Así lo soñó usted tal vez, un día, allá, aferrado a la alomhada confidente de su cama, en la casita del patio con geranios y malvones, alguna de esas noches de verano cuando el calor aprieta y el sueño viene: Ya está el mago de varita presta. Ya está el ilusionista sutil que hace creer en cosas que no existen y miente que en el dorso de su mano se ocultan pañuelos, palomas y barajas. Está en el medio de la cancha y su eterna enamorada, la pelota, parece que se ha ido y está inmóvil, simula emprender vuelo y no se aleja, o bien hace creer que se le escapa pero vuelve bajo la presión apenas ruda de la suela. Ahora el estadio enmudece, el mago muestra el juego. El Monito arranca y empieza el toque, el pelotazo sabio, el amague que argumenta una cosa y dice otra. De la zurda precisa del insider brotan conejos, luces multicolores, toques lujosos, las dos cortas sabidas y una larga, la cabeza alta, el ojo inquieto. El público se deleita. Ya la metió de nuevo bajo el pie, la mostró, “ahí la tenés, es tuya” ha dicho, pero no está más, la sacó, la puso en otro lado, la cambió de lugar, la amarreteó de nuevo. Allá está el compañero, el wing derecho, no lo ha visto, pero gira y le pone el pelotazo desde cuarenta metros, en el pecho. Sólo faltan los clarines, los clarines, las fanfarrias, el galope incesante de los corceles blancos girando en torno de la cancha y las ecuyères de pie sobre sus ancas.

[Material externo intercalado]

text \<open>A representation colours the edges of the complete graph on \<open>U\<close> by the diversity
  atoms a, b, c, and the forbidden cycles say that the b- and c-edges together form a
  triangle-free graph. Fix a point \<open>s\<close> with neighbourhoods \<open>A(s)\<close>, \<open>B(s)\<close>, \<open>C(s)\<close>.
  The mandatory cycles through a produce at least five points in \<open>B(s)\<close>, and by the
  symmetry between b and c at least five in \<open>C(s)\<close>, so every point has at least ten
  (b+c)-neighbours. For \<open>z \<in> B(s)\<close>, triangle-freeness puts all of them except \<open>s\<close> into
  \<open>A(s)\<close>, while each \<open>w \<in> A(s)\<close> is (b+c)-adjacent to at most \<open>|B(s)| - 2\<close> points of
  \<open>B(s)\<close>. Double counting the (b+c)-edges between \<open>B(s)\<close> and \<open>A(s)\<close> gives
  \<open>9 |B(s)| \<le> |A(s)| (|B(s)| - 2)\<close>, likewise for \<open>C(s)\<close>, and together with
  \<open>|U| = 1 + |A(s)| + |B(s)| + |C(s)|\<close> this forces \<open>|U| \<ge> 26\<close>.\<close>

lemma card_filter_eq_sum:
  "finite A \<Longrightarrow> card {x\<in>A. P x} = (\<Sum>x\<in>A. if P x then 1 else 0)"
  by (subst card_eq_sum) (rule sum.inter_filter)

lemma sum_card_filter_swap:
  assumes "finite P" "finite R"
  shows "(\<Sum>z\<in>P. card {w\<in>R. r z w}) = (\<Sum>w\<in>R. card {z\<in>P. r z w})"
  using assms by (simp add: card_filter_eq_sum) (rule sum.swap)

lemma double_counting_bound:
  assumes "finite P" "finite R"
    and "\<And>z. z \<in> P \<Longrightarrow> a \<le> card {w\<in>R. r z w}"
    and "\<And>w. w \<in> R \<Longrightarrow> card {z\<in>P. r z w} \<le> b"
  shows "card P * a \<le> card R * b"
proof -
  have "card P * a \<le> (\<Sum>z\<in>P. card {w\<in>R. r z w})"
    using sum_bounded_below[of P a] assms(3) by simp
  also have "\<dots> = (\<Sum>w\<in>R. card {z\<in>P. r z w})"
    using assms(1,2) by (rule sum_card_filter_swap)
  also have "\<dots> \<le> card R * b"
    using sum_bounded_above[of R _ b] assms(4) by simp
  finally show ?thesis .
qed

lemma double_count_arith:
  fixes b r :: nat
  assumes "5 \<le> b" "b * 9 \<le> r * (b - 2)"
  shows "25 \<le> 2 * b + r"
proof (cases "b \<le> 7")
  case True
  then have "b = 5 \<or> b = 6 \<or> b = 7" using assms(1) by auto
  then show ?thesis using assms(2) by auto
next
  case False
  have "10 \<le> r"
  proof (rule ccontr)
    assume "\<not> 10 \<le> r"
    then have "r * (b - 2) \<le> 9 * (b - 2)" by simp
    then show False using assms False by linarith
  qed
  then show ?thesis using False by linarith
qed

lemma UNIV_atom: "(UNIV :: atom set) = {Id', Aa, Ba, Ca}"
  using atom.exhaust by auto

lemma representation_Un: "representation U h \<Longrightarrow> h (X \<union> Y) = h X \<union> h Y"
  unfolding representation_def by blast

lemma representation_mono:
  assumes "representation U h" "X \<subseteq> Y"
  shows "h X \<subseteq> h Y"
proof -
  have "h Y = h X \<union> h Y"
    using representation_Un[OF assms(1), of X Y] assms(2) by (simp add: sup.absorb2)
  then show ?thesis by blast
qed

lemma representation_disjoint:
  assumes "representation U h" "X \<inter> Y = {}"
  shows "h X \<inter> h Y = {}"
proof -
  have "h Y \<subseteq> h (- X)" using assms by (intro representation_mono) blast+
  also have "h (- X) = U \<times> U - h X" using assms(1) unfolding representation_def by blast
  finally show ?thesis by blast
qed

lemma representation_empty: "representation U h \<Longrightarrow> h {} = {}"
  using representation_disjoint[of U h "{}" "{}"] by simp

lemma representation_UNIV: "representation U h \<Longrightarrow> h UNIV = U \<times> U"
  using representation_empty[of U h] unfolding representation_def
  by (metis Compl_empty_eq Diff_empty)

lemma representation_atom_witness:
  assumes "representation U h" "p \<in> h X"
  shows "\<exists>x\<in>X. p \<in> h {x}"
proof -
  have "finite X" by (rule finite_subset[OF subset_UNIV]) (simp add: UNIV_atom)
  then show ?thesis using assms(2)
  proof (induction X)
    case empty
    then show ?case using representation_empty[OF assms(1)] by simp
  next
    case (insert x X)
    then show ?case using representation_Un[OF assms(1), of "{x}" X] by auto
  qed
qed

lemma representation_Id: "representation U h \<Longrightarrow> h {Id'} = Id_on U"
  unfolding representation_def ra_one_def by blast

Así lo soñó usted, tal vez, un día, Monito. Ya el espectáculo termina y, a pesar de la magia del insider, a pesar de sus moñas y regates, pibe, a pesar de las cuatro pelotas de gol que usted puso en los pies del centrofoward, el partido se agosta en la chatura aburrida del empate. Pero faltaba, nomás, la carcajada. El cierre magistral, la pincelada justa que el artista deposita por fin sobre la tela e ilumina el azul, aviva grises y ruboriza la macilencia de los sepias. Faltaba nomás, la carcajada. Ese balón que llega de atrás, como un balazo. El pecho receptor del entreala tan afecto a refrenar, mullido, el rebote previsto de la bola. Ya empieza la danza, el giro sobre un pie para enfrenta el arco y el resbalar mansamente de la globa del pecho a la rodilla y de allí al suelo. Allí, en la temible ferocidad del área, allí, donde la puerta de las dieciocho se convierte en muralla pertrechada, donde hay piernas, codos, tapones alevosos y guadaña, allí la puso en el piso el entreala. Allí, en esa media luna, en lo que algunos llaman la empanada, allí donde uno se olvida de la novia, del primer amor, de lo aprendido en la'escuela, de la Vieja, “vení conmigo” le dijo el Monito a su amiga del alma. Y se metió en el área con pelota dominada.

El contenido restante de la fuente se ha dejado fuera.